The extremely rare event was a special sight from Earth, but looked even better from space.

The National Oceanic and Atmospheric Administration (NOAA)‘s National Weather Service has released captivating footage of the only total solar eclipse for 2020 seen from from space.

Thousands of people gathered in the Chilean region of La Araucania to witness the solar eclipse, rejoicing in the rare experience despite limited visibility because of cloudy skies.

Skies were clear in northern Patagonia in Argentina, where people also watched the moon briefly block out the sun and plunge daytime into darkness.

But arguably it was the NOAA’s Geostationary Operational Environmental Satellite East satellite that captured the best view of the solar eclipse.

The stunning satellite images show a dark red shadow follow the moon.

The solar eclipse occurs when the moon moves between with the sun and Earth, creating a shadow over Earth.

For people where the umbra, the moon’s shadow, falls, the sun is blocked out by the moon.

For people where the penumbra, which is the area outside of the moon’s shadow, falls, they are able to see part of the sun.

This morning’s solar eclipse was the first, last and only total solar eclipse of 2020.

Total solar eclipse wows in Latin America

Many people wore masks to curb the spread of COVID-19, though they crowded together in some places in Pucon and in other areas of La Araucania, 700km south of Santiago, the Chilean capital.

“It was worth the two minutes,” witness Diego Fuentes, who traveled south with his family to see the eclipse, said.

“I liked it a lot and it was good that there were clouds because we could see it a little without glasses,” said Catalina Morales, a girl who watched with her father, Cristian Morales.

He described it as “spectacular, a unique experience.”

Solar eclipse in Buenos Aires, Argentina, on December 14, 2020.
Solar eclipse in Buenos Aires, Argentina, on December 14, 2020. Credit: NurPhoto/NurPhoto via Getty Images

Thousands jumped and shouted happily in the drizzle when the sun was completely covered by the moon and then silence descended for a few moments.

People again screamed and whooped excitedly when the sun appeared again.

During the brief period of darkness, only the lights of mobile phones were visible.

People observe the solar eclipse over South America
Skies were clear in northern Patagonia, where people watched the moon briefly block out the sun.
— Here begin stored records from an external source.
lemma three_spanned_copies_impossible:
  assumes "{i1, i2, i3} \<subseteq> {..<ncopies}" "distinct [i1, i2, i3]"
    "\<forall>i\<in>{i1, i2, i3}. spans pos {p, q} (Tw_s i) \<and> spans pos {p, q} (Tw_t i)"
  shows False
proof -
  have "\<forall>i\<in>{i1, i2, i3}. \<exists>j<nconn. mixed_connector S i j \<and> separated pos {Conn i j} {p, q}"
    using exists_separated_mixed_connector assms(1,3) by blast
  then obtain J where J: "\<forall>i\<in>{i1, i2, i3}. J i < nconn \<and> mixed_connector S i (J i)
      \<and> separated pos {Conn i (J i)} {p, q}"
    by metis
  have clash: False
    if "i \<in> {i1, i2, i3}" "k \<in> {i1, i2, i3}" "i \<noteq> k"
      "separated pos {Conn i (J i), Conn k (J k)} {p, q}" for i k
    using separated_mixed_connectors[of i k "J i" "J k"] J assms(1,3) that by blast
  show False
    using separated_pair_of_three[of pos "Conn i1 (J i1)" "{p, q}" "Conn i2 (J i2)" "Conn i3 (J i3)"]
      J clash assms(2) by auto
qed

end

lemma queue_edge_spans_no_three_copies:
  assumes layout: "mixed_layout G_V G_E pos S Q" and "e \<in> Q"
    and "{i1, i2, i3} \<subseteq> {..<ncopies}" "distinct [i1, i2, i3]"
    and "\<forall>i\<in>{i1, i2, i3}. spans pos e (Tw_s i) \<and> spans pos e (Tw_t i)"
  shows False
proof -
  have "e \<in> G_E"
    using \<open>e \<in> Q\<close> layout unfolding mixed_layout_def by blast
  then obtain p q where "e = {p, q}"
    by (elim G_E_doubleton)
  with assms show False by (blast intro: three_spanned_copies_impossible)
qed
(* Let $1\le i,m\le n$. Then $\mathsf{L}^i_n=\langle\mathbf{ŁV}_{n+1},F_{i/n}\rangle$ is maximal with respect to $\mathsf{L}^{i/n}_m=\langle\mathbf{ŁV}_{m+1},F_{i/n}\cap\mathrm{ŁV}_{m+1}\rangle$ if and only if there are a prime number $q$ and an integer $k\ge1$ such that $n=q^k$ and $m=q^{k-1}$.
   Context: $\mathbf{ŁV}_{n+1}=(\{0,\frac1n,\dots,\frac{n-1}n,1\},\neg,\to)$ with $\neg x=1-x$, $x\to y=\min\{1,1-x+y\}$; $\mathbf{ŁV}_{m+1}$ is a subalgebra of $\mathbf{ŁV}_{n+1}$ iff $m\mid n$. $F_{i/n}=\{x\in\mathrm{ŁV}_{n+1}:x\ge i/n\}$. Matrix logic consequence: $\Gamma\vdash\varphi$ iff every evaluation sending $\Gamma$ into the designated set sends $\varphi$ into it. $L_1$ is maximal w.r.t. $L_2$ if ${\vdash_{L_1}}\subsetneq{\vdash_{L_2}}$ and for every formula $\varphi$ with $\vdash_{L_2}\varphi$ but $\nvdash_{L_1}\varphi$, the logic obtained from $L_1$ by adding all substitution instances of $\varphi$ as axioms coincides with $L_2$. *)

theory Defs
  imports Complex_Main "HOL-Computational_Algebra.Primes"
begin

datatype fm = Var nat | Neg fm | Imp fm fm

fun subst :: "(nat \<Rightarrow> fm) \<Rightarrow> fm \<Rightarrow> fm" where
  "subst \<sigma> (Var x) = \<sigma> x"
| "subst \<sigma> (Neg a) = Neg (subst \<sigma> a)"
| "subst \<sigma> (Imp a b) = Imp (subst \<sigma> a) (subst \<sigma> b)"

fun eval :: "(nat \<Rightarrow> rat) \<Rightarrow> fm \<Rightarrow> rat" where
  "eval e (Var x) = e x"
| "eval e (Neg a) = 1 - eval e a"
| "eval e (Imp a b) = min 1 (1 - eval e a + eval e b)"

text \<open>Universe of the algebra LV_{n+1}: {0, 1/n, ..., 1}.\<close>
definition LV :: "nat \<Rightarrow> rat set" where
  "LV n = {of_nat k / of_nat n | k. k \<le> n}"

definition Filt :: "nat \<Rightarrow> nat \<Rightarrow> rat set" where
  "Filt n i = {x \<in> LV n. x \<ge> of_nat i / of_nat n}"

definition mcons :: "rat set \<Rightarrow> rat set \<Rightarrow> fm set \<Rightarrow> fm \<Rightarrow> bool" where
  "mcons A D \<Gamma> \<phi> \<longleftrightarrow>
     (\<forall>e. (\<forall>x. e x \<in> A) \<longrightarrow> (\<forall>\<gamma>\<in>\<Gamma>. eval e \<gamma> \<in> D) \<longrightarrow> eval e \<phi> \<in> D)"

definition ax_ext :: "(fm set \<Rightarrow> fm \<Rightarrow> bool) \<Rightarrow> fm \<Rightarrow> fm set \<Rightarrow> fm \<Rightarrow> bool" where
  "ax_ext C \<phi> \<Gamma> \<psi> \<longleftrightarrow> C (\<Gamma> \<union> range (\<lambda>\<sigma>. subst \<sigma> \<phi>)) \<psi>"

definition maximal_wrt :: "(fm set \<Rightarrow> fm \<Rightarrow> bool) \<Rightarrow> (fm set \<Rightarrow> fm \<Rightarrow> bool) \<Rightarrow> bool" where
  "maximal_wrt C1 C2 \<longleftrightarrow>
     (\<forall>\<Gamma> \<phi>. C1 \<Gamma> \<phi> \<longrightarrow> C2 \<Gamma> \<phi>) \<and> \<not> (\<forall>\<Gamma> \<phi>. C2 \<Gamma> \<phi> \<longrightarrow> C1 \<Gamma> \<phi>) \<and>
     (\<forall>\<phi>. C2 {} \<phi> \<and> \<not> C1 {} \<phi> \<longrightarrow> ax_ext C1 \<phi> = C2)"

end

theory Submission
  imports Defs
begin

text \<open>On \<open>LV n\<close> the formula "\<open>x\<^sub>0 \<noteq> 1/d\<close>" (for \<open>d\<close> dividing \<open>n\<close>) is definable, and it is
  a tautology of the matrix on \<open>LV m\<close> exactly when \<open>d\<close> does not divide \<open>m\<close>. Comparing such
  formulas, maximality forces \<open>m\<close> to be a proper divisor of \<open>n\<close> that is divisible by every
  other proper divisor, i.e. \<open>n = q^k\<close> and \<open>m = q^(k-1)\<close>. Conversely, in that case
  every element of \<open>LV n\<close> outside \<open>LV m\<close> is \<open>a/n\<close> with \<open>a\<close> coprime to \<open>n\<close>, so it generates
  all of \<open>LV n\<close> by terms; hence the instances of any axiom valid in \<open>LV m\<close> but refuted in
  \<open>LV n\<close> exclude such values and cut the models down to exactly those in \<open>LV m\<close>.\<close>

definition trunc :: "rat \<Rightarrow> rat" where
  "trunc y = max 0 (min 1 y)"
(* A category $S$ is left cancellative (resp., right cancellative) if and only if its universal monoid $\mathrm{U_{mon}}(S)$ is left cancellative (resp., right cancellative). Moreover, $S$ is a groupoid if and only if $\mathrm{U_{mon}}(S)$ is a group.
   Context: Categories are arrow-only: a set $S$ with partial associative multiplication, identities $\mathrm{Id}\,S$, source/target identities. $S$ is left (right) cancellative if $ax=ay\Rightarrow x=y$ (resp. $xa=ya\Rightarrow x=y$) for all $a,x,y$; a groupoid is a category in which every element has a two-sided inverse. $\mathrm{U_{mon}}(S)$ is the monoid presented by generators $\varepsilon_S(x)$ ($x\in S$) and relations $\varepsilon_S(e)=1$ ($e\in\mathrm{Id}\,S$), $\varepsilon_S(x)\varepsilon_S(y)=\varepsilon_S(xy)$ whenever $xy$ is defined. *)

theory Defs
  imports "HOL-Algebra.Group"
begin

text \<open>Arrow-only category: carrier S, source and target identity maps src, tgt,
  and composition m; the product x y is defined iff tgt x = src y.\<close>

definition cat_defined :: "('a \<Rightarrow> 'a) \<Rightarrow> ('a \<Rightarrow> 'a) \<Rightarrow> 'a \<Rightarrow> 'a \<Rightarrow> bool" where
  "cat_defined src tgt x y \<longleftrightarrow> tgt x = src y"
lemma completely_positive_imp_positive_map:
  assumes cp: "completely_positive n T"
  shows "positive_map n T"
  unfolding positive_map_def
proof (intro conjI allI impI)
  show T: "linear_map_mat n T" using cp unfolding completely_positive_def by blast
  fix X assume X: "psd_mat n X"
  then have Xc: "X \<in> carrier_mat n n" by (rule psd_mat_carrier)
  have "mat_block n 0 0 X = X" using Xc by (intro eq_matI) (auto simp: mat_block_def)
  then have "ampliation 1 n T X = T X"
    using linear_map_mat_carrier[OF T Xc] by (intro eq_matI) (auto simp: ampliation_def)
  moreover have "psd_mat (1 * n) (ampliation 1 n T X)" using cp X unfolding completely_positive_def by auto
  ultimately show "psd_mat n (T X)" by simp
qed

lemma funpow_positive_map_psd: "positive_map n T \<Longrightarrow> psd_mat n X \<Longrightarrow> psd_mat n ((T ^^ k) X)"
  by (induction k) (auto simp: positive_map_def)

lemma positive_map_eq_0_if_dominated:
  assumes pos: "positive_map n T" and A: "psd_mat n A" and B: "B \<in> carrier_mat n n"
    and dom: "psd_mat n (c \<cdot>\<^sub>m B - A)" and TB: "T B = 0\<^sub>m n n"
  shows "T A = 0\<^sub>m n n"
proof -
  have T: "linear_map_mat n T" using pos by (simp add: positive_map_def)
  have TA: "psd_mat n (T A)" using pos A by (simp add: positive_map_def)
  have Ac: "A \<in> carrier_mat n n" using A by (rule psd_mat_carrier)
  have "T (c \<cdot>\<^sub>m B - A) = c \<cdot>\<^sub>m 0\<^sub>m n n - T A"
    using B Ac by (simp add: linear_map_mat_diff[OF T] linear_map_mat_smult[OF T] TB)
  also have "\<dots> = - T A" using psd_mat_carrier[OF TA] by (intro eq_matI) auto
  finally have "psd_mat n (- T A)" using pos dom by (metis positive_map_def)
  with TA show ?thesis by (rule psd_mat_eq_0_if_uminus_psd)
qed

section \<open>Orthogonal projections and ranges\<close>

lemma proj_mat_carrier: "proj_mat n P \<Longrightarrow> P \<in> carrier_mat n n"
  unfolding proj_mat_def by blast

lemma proj_mat_hermitian: "proj_mat n P \<Longrightarrow> hermitian_mat n P"
  unfolding proj_mat_def hermitian_mat_def by blast

lemma proj_mat_mult_vec_idem:
  assumes P: "proj_mat n P" and v: "v \<in> carrier_vec n"
  shows "P *\<^sub>v (P *\<^sub>v v) = P *\<^sub>v v"
proof -
  have "P *\<^sub>v (P *\<^sub>v v) = (P * P) *\<^sub>v v" using proj_mat_carrier[OF P] v by simp
  then show ?thesis using P by (simp add: proj_mat_def)
qed

lemma proj_mat_mult_vec_residual:
  assumes P: "proj_mat n P" and v: "v \<in> carrier_vec n"
  shows "P *\<^sub>v (v - P *\<^sub>v v) = 0\<^sub>v n"
  using proj_mat_carrier[OF P] v by (simp add: mult_minus_distrib_mat_vec proj_mat_mult_vec_idem[OF P v])

lemma proj_mat_cscalar_prod:
  assumes P: "proj_mat n P" and v: "v \<in> carrier_vec n"
  shows "(P *\<^sub>v v) \<bullet>c v = (P *\<^sub>v v) \<bullet>c (P *\<^sub>v v)"
proof -
  have "(P *\<^sub>v v) \<bullet>c v = (P *\<^sub>v (P *\<^sub>v v)) \<bullet>c v" using proj_mat_mult_vec_idem[OF P v] by simp
  also have "\<dots> = (P *\<^sub>v v) \<bullet>c (P *\<^sub>v v)"
    using proj_mat_carrier[OF P] v by (intro cscalar_prod_hermitian_mat[OF proj_mat_hermitian[OF P]]) auto
  finally show ?thesis .
qed

lemma proj_mat_psd:
  assumes P: "proj_mat n P"
  shows "psd_mat n P"
  unfolding psd_mat_iff_sesq_form
proof (intro conjI allI)
  show "hermitian_mat n P" using P by (rule proj_mat_hermitian)
  fix a
  have "sesq_form n P a a = (P *\<^sub>v vec n a) \<bullet>c (P *\<^sub>v vec n a)"
    using proj_mat_cscalar_prod[OF P] sesq_form_eq_cscalar_prod[OF proj_mat_carrier[OF P]] by simp
  then show "0 \<le> sesq_form n P a a" by (simp add: conjugate_square_ge_0_vec)
qed

lemma proj_mat_zero: "proj_mat n (0\<^sub>m n n)"
  unfolding proj_mat_def by (auto intro!: eq_matI)

lemma proj_mat_add_smult_outer_mat:
  assumes P: "proj_mat n P" and w: "w \<in> carrier_vec n" "w \<noteq> 0\<^sub>v n" and Pw: "P *\<^sub>v w = 0\<^sub>v n"
  shows "proj_mat n (P + (1 / (w \<bullet>c w)) \<cdot>\<^sub>m outer_mat n w)"
proof -
  define N where "N = w \<bullet>c w"
  define c where "c = 1 / N"
  define P' where "P' = P + c \<cdot>\<^sub>m outer_mat n w"
  have cN: "c * N = 1" using w by (simp add: c_def N_def)
  have "cnj N = N"
    using conjugate_square_ge_0_vec[of w] by (simp add: N_def less_eq_complex_def complex_eq_iff)
  then have cc: "cnj c = c" by (simp add: c_def)
  have Pc: "P \<in> carrier_mat n n" and hP: "hermitian_mat n P"
    using P by (auto simp: proj_mat_carrier proj_mat_hermitian)
  have P'c: "P' \<in> carrier_mat n n" unfolding P'_def using Pc by simp
  have app: "P' *\<^sub>v z = P *\<^sub>v z + (c * (z \<bullet>c w)) \<cdot>\<^sub>v w" if "z \<in> carrier_vec n" for z
    unfolding P'_def by (rule add_smult_outer_mat_mult_vec[OF Pc w(1) that])
  have "hermitian_mat n P'"
    unfolding P'_def by (rule hermitian_mat_add[OF hP hermitian_mat_smult[OF hermitian_mat_outer_mat cc]])
  moreover have "P' * P' = P'"
  proof (rule eq_mat_if_mult_vec_eq)
    fix z :: "complex vec" assume z: "z \<in> carrier_vec n"
    define \<alpha> where "\<alpha> = c * (z \<bullet>c w)"
    have Pzc: "P *\<^sub>v z \<in> carrier_vec n" using Pc z by simp
    have "(P *\<^sub>v z) \<bullet>c w = 0"
      using cscalar_prod_hermitian_mat[OF hP z w(1)] Pw z by simp
    then have Pz_w: "(P *\<^sub>v z + \<alpha> \<cdot>\<^sub>v w) \<bullet>c w = \<alpha> * N"
      unfolding cscalar_prod_add_smult[OF Pzc w(1) w(1)] N_def by simp
    have "\<alpha> \<cdot>\<^sub>v 0\<^sub>v n = (0\<^sub>v n :: complex vec)" by (intro eq_vecI) auto
    then have P_Pz: "P *\<^sub>v (P *\<^sub>v z + \<alpha> \<cdot>\<^sub>v w) = P *\<^sub>v z"
      using Pzc by (simp add: mult_mat_vec_add_smult[OF Pc Pzc w(1)] proj_mat_mult_vec_idem[OF P z] Pw)
    have "P *\<^sub>v z + \<alpha> \<cdot>\<^sub>v w \<in> carrier_vec n" using Pzc w by simp
    have "(P' * P') *\<^sub>v z = P' *\<^sub>v (P' *\<^sub>v z)" using P'c z by simp
    also have "\<dots> = P' *\<^sub>v (P *\<^sub>v z + \<alpha> \<cdot>\<^sub>v w)" unfolding app[OF z] \<alpha>_def ..
    also have "\<dots> = P *\<^sub>v z + (c * (\<alpha> * N)) \<cdot>\<^sub>v w"
      unfolding app[OF \<open>P *\<^sub>v z + \<alpha> \<cdot>\<^sub>v w \<in> carrier_vec n\<close>] P_Pz Pz_w ..
    also have "c * (\<alpha> * N) = \<alpha>" using cN by (simp add: mult_ac)
    also have "P *\<^sub>v z + \<alpha> \<cdot>\<^sub>v w = P' *\<^sub>v z" unfolding app[OF z] \<alpha>_def ..
    finally show "(P' * P') *\<^sub>v z = P' *\<^sub>v z" .
  qed (use P'c in auto)
  ultimately show ?thesis unfolding proj_mat_def hermitian_mat_def P'_def c_def N_def by blast
qed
Credit: REUTERS

About 500,000 people of the Mapuche ethnic group live in La Araucania and traditionally believe the eclipse signals the momentary death of the sun after a fight with the moon and leads to negative fallout.

Community member and head of an Indigenous foundation that promotes development Diego Ancalao noted a total solar eclipse in July 2019 was followed by civil unrest in Chile and the coronavirus pandemic.

Experts said the eclipse was partly visible in several other Latin American countries, parts of Africa and the Pacific and Atlantic oceans.

The next total solar eclipse in Chile is expected to occur in 28 years.

Another is expected to be visible in Antarctica by the end of 2021.